Pathway probabilities cluster tumor samples. Probability of pathway activation for MMTV-Myc, MMTV-Myc T58A, and MMTV-Neu tumors was calculated for the genes and conditions listed on the right axis of the heat map. Probability (from 0 to 1) is represented by a color scale with the probability of being like control represented in blue and probability of being like the signaling pathway of interest being red. The probabilities were clustered for pathways and the samples were ordered in the same sequence shown for unsupervised clustering in Fig. 4. The histology, genotype, and kras mutation status are shown for each sample with the color codes being identified in the legend and kras mutations being illustrated with an × (A). The predicted probability of Ras pathway activation was graphed against Myc pathway activation with r2 = 0.5651 with P < 0.0001 (B). The probability of Ras pathway activation was also examined in tumors with wild type and mutant kras sequence. Using a Mann-Whitney test, the significance was illustrated with P < 0.0001 (C).

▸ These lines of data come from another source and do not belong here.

(* Let $p,q$ be integers with $2\le q<p$ and $q\mid p$, and let $s=\frac{\log q}{\log p}$. There exist uncountably many regular mappings $\tau$ with $\max_{n\ge1}\ell_n<\infty$, giving pairwise distinct sets $\Lambda(\tau)$ (regular spectra of $\mu_{p,q}$), such that $D_s^+(\Lambda(\tau))>0$.
   Context: $\mu_{p,q}$ denotes the self-similar probability measure on $\mathbb R$ satisfying $\mu=\frac1q\sum_{d\in\mathcal D}\mu\circ f_d^{-1}$ with $f_d(x)=p^{-1}(x+d)$ and $\mathcal D=\frac pq\{0,1,\ldots,q-1\}$. Upper $r$-Beurling density: for a countable $\Lambda\subseteq\mathbb R$ and $r>0$, $D_r^+(\Lambda)=\limsup_{h\to\infty}\sup_{x\in\mathbb R}\frac{\#(\Lambda\cap B(x,h))}{h^r}$, where $B(x,h)=(x-h,x+h)$. Let $\Sigma_q=\{0,1,\ldots,q-1\}$, $\Sigma_q^n$ the words of length $n$, and $\Sigma_q^\ast=\bigcup_{n\ge1}\Sigma_q^n$. A map $\tau:\Sigma_q^\ast\to\{-1,0,\ldots,p-2\}$ is a regular mapping if (i) $\tau(0^n)=0$ for all $n\ge1$; (ii) $\tau(i_1\cdots i_n)\in i_n+q\mathbb Z$ for every word $i_1\cdots i_n$; (iii) for every $I\in\Sigma_q^\ast$, $\tau(I0^l)=0$ for all sufficiently large $l$. For each $n\ge1$ write $n=i_1+i_2q+\cdots+i_Nq^{N-1}$ with $i_N\ne0$ and $I=i_1\cdots i_N$. Set $\lambda_0=0$ and $\lambda_n=\tau(I|_1)+\tau(I|_2)p+\cdots+\tau(I|_N)p^{N-1}+\sum_{k=N}^\infty\tau(I0^{k-N+1})p^k$, where $I|_j=i_1\cdots i_j$; let $\Lambda(\tau)=\{\lambda_n\}_{n\ge0}$ and $\ell_n=\#\{k\ge1:\tau(I0^k)\ne0\}$. A regular spectrum is a set $\Lambda(\tau)$ with $\tau$ regular and $\max_{n\ge1}\ell_n<\infty$; by a known result (Dai–He–Lai) such sets are spectra of $\mu_{p,q}$, i.e. $\{e^{2\pi i\lambda x}\}_{\lambda\in\Lambda(\tau)}$ is an orthonormal basis of $L^2(\mu_{p,q})$. *)

theory Defs
  imports "HOL-Analysis.Analysis"
begin

text \<open>Base-q digits of n, least significant first: n = i_1 + i_2 q + ... + i_N q^(N-1),
  with i_N \<noteq> 0 when n > 0.  Words i_1 ... i_n are lists [i_1, ..., i_n].\<close>
fun digits :: "nat \<Rightarrow> nat \<Rightarrow> nat list" where
  "digits q n = (if n = 0 \<or> q < 2 then [] else n mod q # digits q (n div q))"

definition words :: "nat \<Rightarrow> nat list set" where
  "words q = {I. I \<noteq> [] \<and> (\<forall>i\<in>set I. i < q)}"

definition regular_mapping :: "nat \<Rightarrow> nat \<Rightarrow> (nat list \<Rightarrow> int) \<Rightarrow> bool" where
  "regular_mapping p q \<tau> \<longleftrightarrow>
     (\<forall>I\<in>words q. \<tau> I \<in> {-1 .. int p - 2}) \<and>
     (\<forall>n\<ge>1. \<tau> (replicate n 0) = 0) \<and>
     (\<forall>I\<in>words q. \<tau> I mod int q = int (last I) mod int q) \<and>
     (\<forall>I\<in>words q. \<exists>L. \<forall>l\<ge>L. \<tau> (I @ replicate l 0) = 0)"

text \<open>\<lambda>_n; the infinite series is eventually zero for a regular mapping.\<close>
definition lam :: "nat \<Rightarrow> nat \<Rightarrow> (nat list \<Rightarrow> int) \<Rightarrow> nat \<Rightarrow> real" where
  "lam p q \<tau> n =
     (if n = 0 then 0 else
      (let I = digits q n; N = length I in
        (\<Sum>j<N. real_of_int (\<tau> (take (Suc j) I)) * real p ^ j)
        + (\<Sum>k. real_of_int (\<tau> (I @ replicate (Suc k) 0)) * real p ^ (N + k))))"

definition Lambda :: "nat \<Rightarrow> nat \<Rightarrow> (nat list \<Rightarrow> int) \<Rightarrow> real set" where
  "Lambda p q \<tau> = range (lam p q \<tau>)"

definition ell :: "nat \<Rightarrow> (nat list \<Rightarrow> int) \<Rightarrow> nat \<Rightarrow> nat" where
  "ell q \<tau> n = card {k::nat. k \<ge> 1 \<and> \<tau> (digits q n @ replicate k 0) \<noteq> 0}"

definition regular_spectrum_map :: "nat \<Rightarrow> nat \<Rightarrow> (nat list \<Rightarrow> int) \<Rightarrow> bool" where
  "regular_spectrum_map p q \<tau> \<longleftrightarrow> regular_mapping p q \<tau> \<and> (\<exists>B. \<forall>n\<ge>1. ell q \<tau> n \<le> B)"

definition upper_beurling_density :: "real \<Rightarrow> real set \<Rightarrow> ereal" where
  "upper_beurling_density r \<Lambda> =
     Limsup at_top (\<lambda>h::real. SUP x::real. ereal (real (card (\<Lambda> \<inter> ball x h)) / h powr r))"

end

theory Submission
  imports Defs
begin

text \<open>For \<open>A \<subseteq> \<nat>\<close> let \<open>\<tau>\<^sub>A\<close> send a word of length \<open>i + 1\<close> to its last digit \<open>d\<close>, except that
  \<open>d = q - 1\<close> becomes \<open>-1\<close> when \<open>i \<in> A\<close>. Then \<open>\<tau>\<^sub>A(I0\<^sup>k) = 0\<close>, so all \<open>\<ell>\<^sub>n\<close> vanish, and
  \<open>\<lambda>\<^sub>n\<close> is the base-\<open>p\<close> number whose digits are the base-\<open>q\<close> digits of \<open>n\<close>, each \<open>q - 1\<close> at a
  position in \<open>A\<close> replaced by \<open>-1\<close>. These digits lie in \<open>{-1, \<dots>, q - 1}\<close>, so any two differ by less than \<open>p\<close>,
  and base-\<open>p\<close> expansions with such digits are unique. Hence \<open>n \<mapsto> \<lambda>\<^sub>n\<close> is injective and
  \<open>-p\<^sup>j \<in> \<Lambda>(\<tau>\<^sub>A)\<close> iff \<open>j \<in> A\<close>, so \<open>A \<mapsto> \<Lambda>(\<tau>\<^sub>A)\<close> is injective on the uncountably many
  \<open>A \<subseteq> \<nat>\<close>. Finally the \<open>q\<^sup>N\<close> points \<open>\<lambda>\<^sub>n\<close>, \<open>n < q\<^sup>N\<close>, lie in \<open>(-p\<^sup>N, p\<^sup>N)\<close> and
  \<open>(p\<^sup>N)\<^sup>s = q\<^sup>N\<close>, which gives density at least \<open>1/q\<close>.\<close>

declare digits.simps[simp del]

lemma digits_0[simp]: "digits q 0 = []"
  by (simp add: digits.simps)

lemma digits_eq_Cons: "2 \<le> q \<Longrightarrow> 0 < n \<Longrightarrow> digits q n = n mod q # digits q (n div q)"
  by (simp add: digits.simps)

lemma digits_eq_Nil_iff: "2 \<le> q \<Longrightarrow> digits q n = [] \<longleftrightarrow> n = 0"
  by (cases "n = 0") (simp_all add: digits_eq_Cons)

lemma digits_less: "2 \<le> q \<Longrightarrow> d \<in> set (digits q n) \<Longrightarrow> d < q"
proof (induction q n rule: digits.induct)
  case (1 q n)
  then show ?case
    by (cases "n = 0") (auto simp: digits_eq_Cons)
qed

lemma last_digits_nonzero: "2 \<le> q \<Longrightarrow> digits q n \<noteq> [] \<Longrightarrow> last (digits q n) \<noteq> 0"
proof (induction q n rule: digits.induct)
  case (1 q n)
  then have "0 < n" by (auto simp: digits_eq_Nil_iff)
  show ?case
  proof (cases "n div q = 0")
    case True
    with \<open>2 \<le> q\<close> have "n mod q = n" by (simp add: div_eq_0_iff)
    with True \<open>0 < n\<close> \<open>2 \<le> q\<close> show ?thesis by (simp add: digits_eq_Cons)
  next
    case False
    with 1 \<open>0 < n\<close> show ?thesis by (simp add: digits_eq_Cons digits_eq_Nil_iff)
  qed
qed

lemma digits_inj: "2 \<le> q \<Longrightarrow> inj (digits q)"
proof (rule injI)
  fix n m assume "2 \<le> q" and "digits q n = digits q m"
  then show "n = m"
  proof (induction n arbitrary: m rule: less_induct)
    case (less n)
    show ?case
    proof (cases "n = 0")
      case True
      with less.prems show ?thesis by (metis digits_eq_Nil_iff)
    next
      case False
      with less.prems have "0 < m" by (metis digits_eq_Nil_iff gr0I)
      with False less.prems have "n mod q = m mod q" "digits q (n div q) = digits q (m div q)"
        by (auto simp: digits_eq_Cons)
      moreover from False less.prems have "n div q < n" by simp
      ultimately show ?thesis
        using less.IH less.prems(1) by (metis div_mult_mod_eq)
    qed
  qed
qed

lemma length_digits_le: "2 \<le> q \<Longrightarrow> n < q ^ N \<Longrightarrow> length (digits q n) \<le> N"
proof (induction N arbitrary: n)
  case (Suc N)
  then have "n div q < q ^ N"
    by (simp add: div_less_iff_less_mult mult.commute)
  with Suc show ?case
    by (cases "n = 0") (simp_all add: digits_eq_Cons)
qed simp

lemma digits_mult_power: "2 \<le> q \<Longrightarrow> 0 < d \<Longrightarrow> d < q \<Longrightarrow> digits q (d * q ^ j) = replicate j 0 @ [d]"
  by (induction j) (simp_all add: digits_eq_Cons)

lemma power_expansion_unique:
  fixes c d :: "nat \<Rightarrow> int"
  assumes "\<forall>i<N. \<bar>c i - d i\<bar> < P"
    and "(\<Sum>i<N. c i * P ^ i) = (\<Sum>i<N. d i * P ^ i)"
  shows "\<forall>i<N. c i = d i"
  using assms
proof (induction N arbitrary: c d)
  case (Suc N)
  have split: "c 0 - d 0 = P * ((\<Sum>i<N. d (Suc i) * P ^ i) - (\<Sum>i<N. c (Suc i) * P ^ i))"
    using Suc.prems(2) unfolding sum.lessThan_Suc_shift
    by (simp add: sum_distrib_left algebra_simps)
  then have "P dvd c 0 - d 0" by simp
  have small: "\<bar>c 0 - d 0\<bar> < P" using Suc.prems(1) by simp
  have c0: "c 0 = d 0"
  proof (rule ccontr)
    assume "c 0 \<noteq> d 0"
    with \<open>P dvd c 0 - d 0\<close> have "\<bar>P\<bar> \<le> \<bar>c 0 - d 0\<bar>" by (intro dvd_imp_le_int) simp
    with small show False using abs_ge_self[of P] by linarith
  qed
  moreover from small have "P \<noteq> 0" using abs_ge_zero[of "c 0 - d 0"] by linarith
  ultimately have "(\<Sum>i<N. c (Suc i) * P ^ i) = (\<Sum>i<N. d (Suc i) * P ^ i)"
    using split by simp
  with Suc.prems(1) have "\<forall>i<N. c (Suc i) = d (Suc i)"
    by (intro Suc.IH) auto
  with c0 show ?case by (auto simp: less_Suc_eq_0_disj)
qed simp

lemma abs_power_expansion_le:
  fixes c :: "nat \<Rightarrow> int"
  assumes "1 \<le> P" and "\<forall>i<N. \<bar>c i\<bar> \<le> P - 1"
  shows "\<bar>\<Sum>i<N. c i * P ^ i\<bar> \<le> P ^ N - 1"
  using assms(2)
proof (induction N)
  case (Suc N)
  have "\<bar>c N * P ^ N\<bar> \<le> (P - 1) * P ^ N"
    using Suc.prems assms(1) by (simp add: abs_mult mult_right_mono)
  with Suc have "\<bar>(\<Sum>i<N. c i * P ^ i) + c N * P ^ N\<bar> \<le> (P ^ N - 1) + (P - 1) * P ^ N"
    by (smt (verit, best) less_Suc_eq)
  then show ?case by (simp add: algebra_simps)
qed simp

definition signed_digit :: "nat \<Rightarrow> nat set \<Rightarrow> nat \<Rightarrow> nat \<Rightarrow> int" where
  "signed_digit q A i d = (if d = q - 1 \<and> i \<in> A then -1 else int d)"

definition tau_of_set :: "nat \<Rightarrow> nat set \<Rightarrow> nat list \<Rightarrow> int" where
  "tau_of_set q A I = (if I = [] then 0 else signed_digit q A (length I - 1) (last I))"

definition signed_digits :: "nat \<Rightarrow> nat set \<Rightarrow> nat list \<Rightarrow> nat \<Rightarrow> int" where
  "signed_digits q A I i = (if i < length I then signed_digit q A i (I ! i) else 0)"

lemma signed_digit_eq_0_iff: "2 \<le> q \<Longrightarrow> signed_digit q A i d = 0 \<longleftrightarrow> d = 0"
  by (simp add: signed_digit_def)

lemma signed_digit_inj: "2 \<le> q \<Longrightarrow> signed_digit q A i d = signed_digit q A i e \<Longrightarrow> d = e"
  by (auto simp: signed_digit_def split: if_splits)

lemma signed_digits_bounds:
  assumes "2 \<le> q" and "\<forall>d\<in>set I. d < q"
  shows "-1 \<le> signed_digits q A I i \<and> signed_digits q A I i \<le> int q - 1"
proof (cases "i < length I")
  case True
  with assms(2) have "I ! i < q" by simp
  with assms(1) show ?thesis by (auto simp: signed_digits_def signed_digit_def)
qed (use assms(1) in \<open>simp add: signed_digits_def\<close>)

lemma signed_digits_eq_minus_1_iff:
  "2 \<le> q \<Longrightarrow> signed_digits q A I i = -1 \<longleftrightarrow> i < length I \<and> I ! i = q - 1 \<and> i \<in> A"
  by (auto simp: signed_digits_def signed_digit_def)

lemma signed_digits_inj:
  assumes "2 \<le> q" and "signed_digits q A I = signed_digits q A J"
    and "I \<noteq> [] \<Longrightarrow> last I \<noteq> 0" and "J \<noteq> [] \<Longrightarrow> last J \<noteq> 0"
  shows "I = J"
proof -
  have nonzero: "signed_digits q A K i \<noteq> 0 \<longleftrightarrow> i < length K \<and> K ! i \<noteq> 0" for K i
    using signed_digit_eq_0_iff[OF assms(1)] by (simp add: signed_digits_def)
  have length_le: "length K \<le> length K'"
    if eq: "signed_digits q A K = signed_digits q A K'" and last: "K \<noteq> [] \<Longrightarrow> last K \<noteq> 0" for K K'
  proof (rule ccontr)
    assume "\<not> length K \<le> length K'"
    then have "K \<noteq> []" and "length K' \<le> length K - 1" by auto
    then have "signed_digits q A K (length K - 1) \<noteq> 0"
      using last nonzero by (simp add: last_conv_nth)
    moreover have "signed_digits q A K' (length K - 1) = 0"
      using \<open>length K' \<le> length K - 1\<close> by (simp add: signed_digits_def)
    ultimately show False using eq by simp
  qed
  have "length I = length J"
    using assms by (intro antisym length_le) simp_all
  moreover have "I ! i = J ! i" if "i < length I" for i
    using fun_cong[OF assms(2), of i] that \<open>length I = length J\<close> signed_digit_inj[OF assms(1)]
    by (simp add: signed_digits_def)
  ultimately show ?thesis by (rule nth_equalityI)
qed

This analysis also revealed that EMT tumors exhibit a uniformly high probability of Ras pathway activation which is also associated with a high frequency of Ras mutation (denoted with an ×). Strikingly, these tumors also exhibited a uniformly low level of Myc pathway activity. In accordance with the low probability of Myc activation in EMT samples, analysis of probe level data reveals that Myc expression has returned to a level normally observed in a non-transgenic mammary gland using our data and previously published data (GSE 2528). In contrast, other histologic subtypes such as microacinar and papillary tumors showed the reverse pattern of pathway activation—high Myc activity and low Ras activity. We observed a strong negative correlation between Myc and Ras pathway status (r2 = 0.5651, P < 0.0001) (Fig. 3B), despite the requirement for kras mutations in Myc tumors. To test whether kras mutations were associated with an elevation in Ras pathway activity, we divided samples into tumors with and without kras mutations and examined the probability of Ras pathway activation (Fig. 3C). This revealed a significant association between mutation and predicted pathway activation status (P < 0.0001).
Heterogeneity in Tumor Phenotypes Revealed from Expression Signatures.
Analogous to the development of pathway signatures, other recent work developed expression signatures reflecting other aspects of cancer biology, including metastatic potential. Although previous work has concluded that the MMTV-Myc model is poorly metastatic (15–17), we have re-examined this property in the context of the defined subgroups. We applied a previously developed signature for metastasis (18) to the MMTV Myc tumors (Fig. 4A). Strikingly, the squamous/EMT subgroup was strongly predicted as exhibiting the metastatic signature in contrast to most of the other tumors. To directly test if the prediction of MMTV-Myc tumors with a high probability of metastasis indeed reflected metastatic potential, pulmonary histological sections were examined for the presence of metastasis from 20 tumor samples with the highest predicted metastatic probabilities and 20 samples with the lowest probabilities. As shown in Fig. 4B, there was no evidence of metastasis in the low predicted probability group. In contrast, in the samples with a high predicted probability of metastasis, we observed 25% of samples with metastatic growth (Fig. 4B). Representative histological sections are shown (Fig. 4 C and D) from samples marked with an * in Panel 4A. Examination of a typical pulmonary metastasis revealed a poorly differentiated carcinoma that is invading the pulmonary parenchyma and is too poorly differentiated to otherwise categorize. However, it does not show squamous differentiation or the EMT phenotype pattern. It is important to note that mice with metastatic lesions had multiple tumors and we were not able to note a mouse with pulmonary metastasis and only EMT-type tumors.
Fig. 4.
Metastatic signature predictions identify samples with pulmonary metastasis. The probability of a metastatic signature was calculated and is illustrated in a heat map with a low probability of metastasis shown in blue and a high probability shown in red (A). Histological sections from the lung were examined for 20 samples with the lowest probability and 20 samples with the highest probability of the metastatic signature. The histology of these pulmonary samples was closely examined and the percentage of samples with metastasis calculated (B). Representative histology from a sample lacking pulmonary metastasis (C) and with numerous small tumor nodules in the lung (D) are shown for the tumors with a corresponding * in panel A.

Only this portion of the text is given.